lemma cond_Theta_weighted_tail:
  assumes Th: "cond_Theta \<theta> \<xi>" and tr: "\<theta> > real r"
  obtains C M where "M \<ge> 1" "C \<ge> 0"
    "\<And>v. \<bar>v\<bar> > M \<Longrightarrow> \<bar>\<xi> v\<bar> * (1 + \<bar>v\<bar>) ^ r \<le> C * (1 + \<bar>v\<bar>) powr (-(\<theta> - real r))"
proof -
  from Th obtain C0 M0 where h: "\<And>u. \<bar>u\<bar> > M0 \<Longrightarrow> \<bar>\<xi> u\<bar> \<le> C0 * \<bar>u\<bar> powr (- \<theta>)"
    unfolding cond_Theta_def by blast
  define C1 where "C1 = max C0 0"
  define \<beta> where "\<beta> = \<theta> - real r"
  show ?thesis
  proof (rule that[of "max M0 1" "C1 * 2 ^ r * 2 powr \<beta>"])
    fix v :: real assume v: "\<bar>v\<bar> > max M0 1"
    define a where "a = \<bar>v\<bar>"
    have a1: "a > 1" using v by (simp add: a_def)
    have "\<bar>\<xi> v\<bar> \<le> C0 * a powr (- \<theta>)" using h[of v] v unfolding a_def by simp
    also have "\<dots> \<le> C1 * a powr (- \<theta>)" unfolding C1_def by (intro mult_right_mono) auto
    finally have "\<bar>\<xi> v\<bar> \<le> C1 * a powr (- \<theta>)" .
    moreover have "(1 + a) ^ r \<le> 2 ^ r * a ^ r"
      using power_mono[of "1 + a" "2 * a" r] a1 by (simp add: power_mult_distrib)
    ultimately have "\<bar>\<xi> v\<bar> * (1 + a) ^ r \<le> C1 * a powr (- \<theta>) * (2 ^ r * a ^ r)"
      using a1 by (intro mult_mono) (auto simp: C1_def)
    also have "\<dots> = C1 * 2 ^ r * a powr (- \<beta>)"
      using a1 by (simp add: \<beta>_def powr_realpow[symmetric] powr_add[symmetric] algebra_simps)
    also have "\<dots> \<le> C1 * 2 ^ r * (2 powr \<beta> * (1 + a) powr (-\<beta>))"
      using powr_neg_le_one_plus[of a \<beta>] a1 tr by (intro mult_left_mono) (auto simp: C1_def \<beta>_def)
    finally show "\<bar>\<xi> v\<bar> * (1 + \<bar>v\<bar>) ^ r \<le> C1 * 2 ^ r * 2 powr \<beta> * (1 + \<bar>v\<bar>) powr (-(\<theta> - real r))"
      by (simp add: a_def \<beta>_def mult_ac)
  qed (auto simp: C1_def)
qed

lemma cond_Theta_weighted_bound:
  assumes Th: "cond_Theta \<theta> \<xi>" and tr: "\<theta> > real r" and B: "\<And>v. \<bar>\<xi> v\<bar> \<le> B"
  obtains C where "C \<ge> 0"
    "\<And>v. \<bar>\<xi> v\<bar> * (1 + \<bar>v\<bar>) ^ r \<le> C * (1 + \<bar>v\<bar>) powr (-(\<theta> - real r))"
proof -
  obtain C1 M where M: "M \<ge> 1" "C1 \<ge> 0"
    "\<And>v. \<bar>v\<bar> > M \<Longrightarrow> \<bar>\<xi> v\<bar> * (1 + \<bar>v\<bar>) ^ r \<le> C1 * (1 + \<bar>v\<bar>) powr (-(\<theta> - real r))"
    by (rule cond_Theta_weighted_tail[OF Th tr]) auto
  define \<beta> where "\<beta> = \<theta> - real r"
  define C2 where "C2 = max B 0 * (1 + M) ^ r * (1 + M) powr \<beta>"
  show ?thesis
  proof (rule that[of "max C1 C2"])
    fix v :: real
    show "\<bar>\<xi> v\<bar> * (1 + \<bar>v\<bar>) ^ r \<le> max C1 C2 * (1 + \<bar>v\<bar>) powr (-(\<theta> - real r))"
    proof (cases "\<bar>v\<bar> > M")
      case True
      then have "\<bar>\<xi> v\<bar> * (1 + \<bar>v\<bar>) ^ r \<le> C1 * (1 + \<bar>v\<bar>) powr (-(\<theta> - real r))"
        using M(3) by blast
      also have "\<dots> \<le> max C1 C2 * (1 + \<bar>v\<bar>) powr (-(\<theta> - real r))"
        by (intro mult_right_mono) auto
      finally show ?thesis .
    next
      case False
      have "\<bar>\<xi> v\<bar> * (1 + \<bar>v\<bar>) ^ r \<le> max B 0 * (1 + M) ^ r"
        using B[of v] False by (intro mult_mono power_mono) auto
      also have "\<dots> \<le> max B 0 * (1 + M) ^ r * ((1 + M) powr \<beta> * (1 + \<bar>v\<bar>) powr (- \<beta>))"
      proof -
        have "1 = (1 + M) powr \<beta> * (1 + M) powr (- \<beta>)"
          using M(1) by (simp add: powr_add[symmetric])
        also have "\<dots> \<le> (1 + M) powr \<beta> * (1 + \<bar>v\<bar>) powr (- \<beta>)"
          using False tr by (intro mult_left_mono powr_mono2') (auto simp: \<beta>_def)
        finally show ?thesis
          using mult_left_mono[of 1 _ "max B 0 * (1 + M) ^ r"] M(1) by simp
      qed
      also have "\<dots> = C2 * (1 + \<bar>v\<bar>) powr (- \<beta>)"
        by (simp add: C2_def mult_ac)
      also have "\<dots> \<le> max C1 C2 * (1 + \<bar>v\<bar>) powr (- \<beta>)"
        by (intro mult_right_mono) auto
      finally show ?thesis by (simp add: \<beta>_def)
    qed
  qed (use M in auto)
qed
(* Let $\rho_n\in[\frac12,1]$, $\lambda_n\in\mathbb{R}$ and $u_n\in C^2(\overline\Omega)$ solve $-\Delta u_n+\lambda_nu_n=h_{\rho_n}(u_n)$ in $\Omega$, $\partial u_n/\partial\nu=0$ on $\partial\Omega$, $\int_\Omega u_n^2=c$. If $\lambda_n\to+\infty$, then $\|u_n\|_{L^\infty(\Omega)}\to+\infty$.
   Context: $\Omega\subset\mathbb{R}^N$ ($N\ge3$) smooth bounded domain, $c>0$; $2_*=2+\frac4N$, $2^*=\frac{2N}{N-2}$. $f$ satisfies $(f_1)$ $f\in C^1(\mathbb{R})$, $\lim_{|t|\to0}f(t)/t=0$; $(f_2)$ there exist $p\in(2_*,2^* )$, $a_0>0$ with $\lim_{|t|\to\infty}f(t)/(|t|^{p-2}t)=a_0$. Fix $R_0>0$ with $f(t)t>0$ for $|t|\ge R_0$ and a smooth cut-off $\eta$ with $\eta=1$ for $|t|\ge R_0+1$, $\eta=0$ for $|t|<R_0$, $|\eta'|\le2$; $f_1=\eta f$, $f_2=(1-\eta)f$, $h_\rho=\rho f_1+f_2$. *)

theory Defs
  imports "HOL-Analysis.Analysis"
begin

fun Ck :: "nat \<Rightarrow> ('a::euclidean_space \<Rightarrow> real) \<Rightarrow> 'a set \<Rightarrow> bool" where
  "Ck 0 f S = continuous_on S f"
| "Ck (Suc k) f S = (continuous_on S f \<and> (\<forall>x\<in>S. f differentiable (at x)) \<and>
      (\<forall>i\<in>Basis. Ck k (\<lambda>x. frechet_derivative f (at x) i) S))"

definition smooth_on :: "('a::euclidean_space \<Rightarrow> real) \<Rightarrow> 'a set \<Rightarrow> bool" where
  "smooth_on f S \<longleftrightarrow> (\<forall>k. Ck k f S)"

definition grad :: "('a::euclidean_space \<Rightarrow> real) \<Rightarrow> 'a \<Rightarrow> 'a" where
  "grad f x = (\<Sum>i\<in>Basis. frechet_derivative f (at x) i *\<^sub>R i)"

definition local_defining_function :: "'a::euclidean_space set \<Rightarrow> 'a \<Rightarrow> 'a set \<Rightarrow> ('a \<Rightarrow> real) \<Rightarrow> bool" where
  "local_defining_function \<Omega> x0 U \<phi> \<longleftrightarrow>
     open U \<and> x0 \<in> U \<and> smooth_on \<phi> U \<and> (\<forall>x\<in>U. grad \<phi> x \<noteq> 0) \<and>
     \<Omega> \<inter> U = {x\<in>U. \<phi> x < 0}"

definition smooth_bounded_domain :: "'a::euclidean_space set \<Rightarrow> bool" where
  "smooth_bounded_domain \<Omega> \<longleftrightarrow> open \<Omega> \<and> connected \<Omega> \<and> \<Omega> \<noteq> {} \<and> bounded \<Omega> \<and>
     (\<forall>x0\<in>frontier \<Omega>. \<exists>U \<phi>. local_defining_function \<Omega> x0 U \<phi>)"

text \<open>Outward unit normal (independent of the chosen defining function).\<close>
definition outward_normal :: "'a::euclidean_space set \<Rightarrow> 'a \<Rightarrow> 'a" where
  "outward_normal \<Omega> x0 = (SOME n. \<exists>U \<phi>. local_defining_function \<Omega> x0 U \<phi> \<and>
       n = grad \<phi> x0 /\<^sub>R norm (grad \<phi> x0))"
text \<open>Work in the clique-quotient graph H, with a = \<alpha>*(G) and k = \<omega>~(G).
  Every class is a clique and adjacent classes are completely joined in G, so the union
  of the classes of a clique of H is a clique of G; a maximal clique containing it meets
  all of them, hence cliques of H have at most k vertices. Representatives of an
  independent set of H inside the neighbourhood of a class C are independent in the
  closed neighbourhood of a representative of C, hence they number at most a.
  In any finite graph with these two properties, the common neighbourhood of a nonempty
  clique Q has at most a + a^2 + ... + a^(k - |Q|) vertices: a maximal independent
  subset S of it has at most a elements, and every other common neighbour lies in the
  common neighbourhood of the larger clique Q \<union> {s} for some s \<in> S. Taking Q a single
  class bounds the degree by a^k - a when a \<ge> 2. If a \<le> 1, every closed neighbourhood
  of G is a clique, so adjacent vertices lie in the same maximal cliques and H has no
  edges.\<close>

lemma sum_powers_Suc:
  fixes a :: nat
  shows "(\<Sum>i=1..Suc n. a ^ i) = a + a * (\<Sum>i=1..n. a ^ i)"
proof -
  have "(\<Sum>i=1..Suc n. a ^ i) = (\<Sum>i=0..n. a ^ Suc i)"
    using sum.shift_bounds_cl_Suc_ivl[of "\<lambda>i. a ^ i" 0 n] by simp
  also have "\<dots> = a * (\<Sum>i=0..n. a ^ i)"
    by (simp add: sum_distrib_left)
  also have "\<dots> = a + a * (\<Sum>i=1..n. a ^ i)"
    by (simp add: sum.atLeast_Suc_atMost algebra_simps)
  finally show ?thesis .
qed

lemma sum_powers_plus_le_power:
  fixes a :: nat
  assumes "2 \<le> a"
  shows "(\<Sum>i=1..n. a ^ i) + a \<le> a ^ Suc n"
proof (induction n)
  case 0
  then show ?case by simp
next
  case (Suc n)
  have "(\<Sum>i=1..Suc n. a ^ i) + a = 2 * a + a * (\<Sum>i=1..n. a ^ i)"
    unfolding sum_powers_Suc by simp
  also have "\<dots> \<le> a * ((\<Sum>i=1..n. a ^ i) + a)"
    using assms by (simp add: algebra_simps)
  also have "\<dots> \<le> a * a ^ Suc n"
    using Suc.IH by simp
  finally show ?case
    by simp
qed

lemma is_clique_insert:
  assumes "is_clique U A Q" "x \<in> U" "\<forall>q\<in>Q. A q x" "\<And>x y. A x y \<Longrightarrow> A y x"
  shows "is_clique U A (insert x Q)"
  using assms unfolding is_clique_def by auto

lemma maximal_indep_subset_dominates:
  assumes "finite X" and irrefl: "\<And>x. \<not> A x x" and sym: "\<And>x y. A x y \<Longrightarrow> A y x"
  obtains S where "S \<subseteq> X" "indep_set A S" "\<And>x. x \<in> X \<Longrightarrow> x \<notin> S \<Longrightarrow> \<exists>s\<in>S. A s x"
proof -
  define P where "P = {S. S \<subseteq> X \<and> indep_set A S}"
  have "finite P"
    unfolding P_def using \<open>finite X\<close> by simp
  moreover have "{} \<in> P"
    unfolding P_def indep_set_def by simp
  ultimately obtain S where S: "S \<in> P" and maximal: "\<And>T. T \<in> P \<Longrightarrow> S \<subseteq> T \<Longrightarrow> S = T"
    using finite_has_maximal[of P] by blast
  have "\<exists>s\<in>S. A s x" if "x \<in> X" "x \<notin> S" for x
  proof (rule ccontr)
    assume "\<not> (\<exists>s\<in>S. A s x)"
    then have "insert x S \<in> P"
      using S that irrefl sym unfolding P_def indep_set_def by blast
    then show False
      using maximal \<open>x \<notin> S\<close> by blast
  qed
  with S show thesis
    using that unfolding P_def by blast
qed

lemma card_le_if_covered:
  assumes "finite S" "\<And>s. s \<in> S \<Longrightarrow> finite (Y s)" "\<And>s. s \<in> S \<Longrightarrow> card (Y s) \<le> b"
    and "X \<subseteq> S \<union> (\<Union>s\<in>S. Y s)"
  shows "card X \<le> card S + card S * b"
proof -
  have "card X \<le> card (S \<union> (\<Union>s\<in>S. Y s))"
    using assms(1,2,4) by (intro card_mono) auto
  also have "\<dots> \<le> card S + card (\<Union>s\<in>S. Y s)"
    by (rule card_Un_le)
  also have "\<dots> \<le> card S + (\<Sum>s\<in>S. card (Y s))"
    using card_UN_le[OF assms(1)] by simp
  also have "\<dots> \<le> card S + card S * b"
    using sum_bounded_above[of S "\<lambda>s. card (Y s)" b] assms(3) by simp
  finally show ?thesis .
qed

lemma common_neighbours_eq_empty_if_clique_max:
  assumes "finite U" "\<And>x. \<not> A x x" "\<And>x y. A x y \<Longrightarrow> A y x"
    and "\<And>Q. is_clique U A Q \<Longrightarrow> card Q \<le> k"
    and "is_clique U A Q" "k \<le> card Q"
  shows "{x \<in> U. \<forall>q\<in>Q. A q x} = {}"
proof (rule ccontr)
  assume "{x \<in> U. \<forall>q\<in>Q. A q x} \<noteq> {}"
  then obtain x where x: "x \<in> U" "\<forall>q\<in>Q. A q x"
    by blast
  have "finite Q" "x \<notin> Q"
    using assms(1,2,5) x finite_subset unfolding is_clique_def by blast+
  then have "card (insert x Q) > k"
    using assms(6) by simp
  moreover have "card (insert x Q) \<le> k"
    using assms(4) is_clique_insert[OF assms(5) x assms(3)] by blast
  ultimately show False
    by simp
qed

lemma card_common_neighbours_le_step:
  fixes A :: "'b \<Rightarrow> 'b \<Rightarrow> bool"
  assumes fin: "finite U" and irrefl: "\<And>x. \<not> A x x" and sym: "\<And>x y. A x y \<Longrightarrow> A y x"
    and local_indep_bound:
      "\<And>c S. c \<in> U \<Longrightarrow> S \<subseteq> {x \<in> U. A c x} \<Longrightarrow> indep_set A S \<Longrightarrow> card S \<le> a"
    and "c \<in> Q" "c \<in> U"
    and larger_clique_bound:
      "\<And>s. s \<in> U \<Longrightarrow> \<forall>q\<in>Q. A q s \<Longrightarrow> card {x \<in> U. \<forall>q\<in>insert s Q. A q x} \<le> b"
  shows "card {x \<in> U. \<forall>q\<in>Q. A q x} \<le> a + a * b"
proof -
  define X where "X = {x \<in> U. \<forall>q\<in>Q. A q x}"
  define Y where "Y s = {x \<in> U. \<forall>q\<in>insert s Q. A q x}" for s
  have "finite X"
    unfolding X_def using fin by simp
  then obtain S where "S \<subseteq> X" "indep_set A S"
    and dominating: "\<And>x. x \<in> X \<Longrightarrow> x \<notin> S \<Longrightarrow> \<exists>s\<in>S. A s x"
    using maximal_indep_subset_dominates irrefl sym by metis
  have "card S \<le> a"
    using local_indep_bound[OF \<open>c \<in> U\<close> _ \<open>indep_set A S\<close>] \<open>S \<subseteq> X\<close> \<open>c \<in> Q\<close>
    unfolding X_def by blast
  have "card (Y s) \<le> b" if "s \<in> S" for s
    using larger_clique_bound that \<open>S \<subseteq> X\<close> unfolding X_def Y_def by blast
  moreover have "X \<subseteq> S \<union> (\<Union>s\<in>S. Y s)"
    using dominating unfolding X_def Y_def by fastforce
  moreover have "finite S"
    using \<open>S \<subseteq> X\<close> \<open>finite X\<close> finite_subset by blast
  moreover have "finite (Y s)" for s
    unfolding Y_def using fin by simp
  ultimately have "card X \<le> card S + card S * b"
    using card_le_if_covered[of S Y] by blast
  also have "\<dots> \<le> a + a * b"
    using \<open>card S \<le> a\<close> by (intro add_mono mult_right_mono) auto
  finally show ?thesis
    unfolding X_def .
qed

lemma card_common_neighbours_le:
  fixes A :: "'b \<Rightarrow> 'b \<Rightarrow> bool"
  assumes fin: "finite U" and irrefl: "\<And>x. \<not> A x x" and sym: "\<And>x y. A x y \<Longrightarrow> A y x"
    and clique_bound: "\<And>Q. is_clique U A Q \<Longrightarrow> card Q \<le> k"
    and local_indep_bound:
      "\<And>c S. c \<in> U \<Longrightarrow> S \<subseteq> {x \<in> U. A c x} \<Longrightarrow> indep_set A S \<Longrightarrow> card S \<le> a"
  shows "is_clique U A Q \<Longrightarrow> Q \<noteq> {} \<Longrightarrow> k \<le> card Q + n
    \<Longrightarrow> card {x \<in> U. \<forall>q\<in>Q. A q x} \<le> (\<Sum>i=1..n. a ^ i)"
proof (induction n arbitrary: Q)
  case 0
  have "k \<le> card Q"
    using "0.prems"(3) by simp
  with fin irrefl sym clique_bound "0.prems"(1) have "{x \<in> U. \<forall>q\<in>Q. A q x} = {}"
    by (rule common_neighbours_eq_empty_if_clique_max)
  then show ?case
    by (metis card.empty zero_le)
next
  case (Suc n)
  obtain c where "c \<in> Q" "c \<in> U"
    using Suc.prems(1,2) unfolding is_clique_def by blast
  have "finite Q"
    using Suc.prems(1) fin finite_subset unfolding is_clique_def by blast
  have "card {x \<in> U. \<forall>q\<in>insert s Q. A q x} \<le> (\<Sum>i=1..n. a ^ i)"
    if "s \<in> U" "\<forall>q\<in>Q. A q s" for s
  proof (rule Suc.IH)
    show "is_clique U A (insert s Q)"
      using is_clique_insert[OF Suc.prems(1) that sym] .
    have "s \<notin> Q"
      using that(2) irrefl by blast
    with \<open>finite Q\<close> show "k \<le> card (insert s Q) + n"
      using Suc.prems(3) by simp
  qed simp
  with fin irrefl sym local_indep_bound \<open>c \<in> Q\<close> \<open>c \<in> U\<close>
  have "card {x \<in> U. \<forall>q\<in>Q. A q x} \<le> a + a * (\<Sum>i=1..n. a ^ i)"
    by (rule card_common_neighbours_le_step)
  then show ?case
    by (simp only: sum_powers_Suc)
qed

lemma fin_graph_finite: "fin_graph V E \<Longrightarrow> finite V"
  unfolding fin_graph_def by blast

lemma fin_graph_sym: "fin_graph V E \<Longrightarrow> E u v \<Longrightarrow> E v u"
  unfolding fin_graph_def by blast

lemma fin_graph_irrefl: "fin_graph V E \<Longrightarrow> \<not> E v v"
  unfolding fin_graph_def by blast

lemma fin_graph_edge_vertices: "fin_graph V E \<Longrightarrow> E u v \<Longrightarrow> u \<in> V \<and> v \<in> V"
  unfolding fin_graph_def by blast

lemma is_clique_subset: "is_clique V E K \<Longrightarrow> C \<subseteq> K \<Longrightarrow> is_clique V E C"
  unfolding is_clique_def by auto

▸ **Directions for this task**: Using the records above, set down exactly the lines from the one with "obtains C where" through the one with "using M(3) by blast", inclusive, and nothing more.

▸ **Response to the exercise**:
  obtains C where "C \<ge> 0"
    "\<And>v. \<bar>\<xi> v\<bar> * (1 + \<bar>v\<bar>) ^ r \<le> C * (1 + \<bar>v\<bar>) powr (-(\<theta> - real r))"
proof -
  obtain C1 M where M: "M \<ge> 1" "C1 \<ge> 0"
    "\<And>v. \<bar>v\<bar> > M \<Longrightarrow> \<bar>\<xi> v\<bar> * (1 + \<bar>v\<bar>) ^ r \<le> C1 * (1 + \<bar>v\<bar>) powr (-(\<theta> - real r))"
    by (rule cond_Theta_weighted_tail[OF Th tr]) auto
  define \<beta> where "\<beta> = \<theta> - real r"
  define C2 where "C2 = max B 0 * (1 + M) ^ r * (1 + M) powr \<beta>"
  show ?thesis
  proof (rule that[of "max C1 C2"])
    fix v :: real
    show "\<bar>\<xi> v\<bar> * (1 + \<bar>v\<bar>) ^ r \<le> max C1 C2 * (1 + \<bar>v\<bar>) powr (-(\<theta> - real r))"
    proof (cases "\<bar>v\<bar> > M")
      case True
      then have "\<bar>\<xi> v\<bar> * (1 + \<bar>v\<bar>) ^ r \<le> C1 * (1 + \<bar>v\<bar>) powr (-(\<theta> - real r))"
        using M(3) by blast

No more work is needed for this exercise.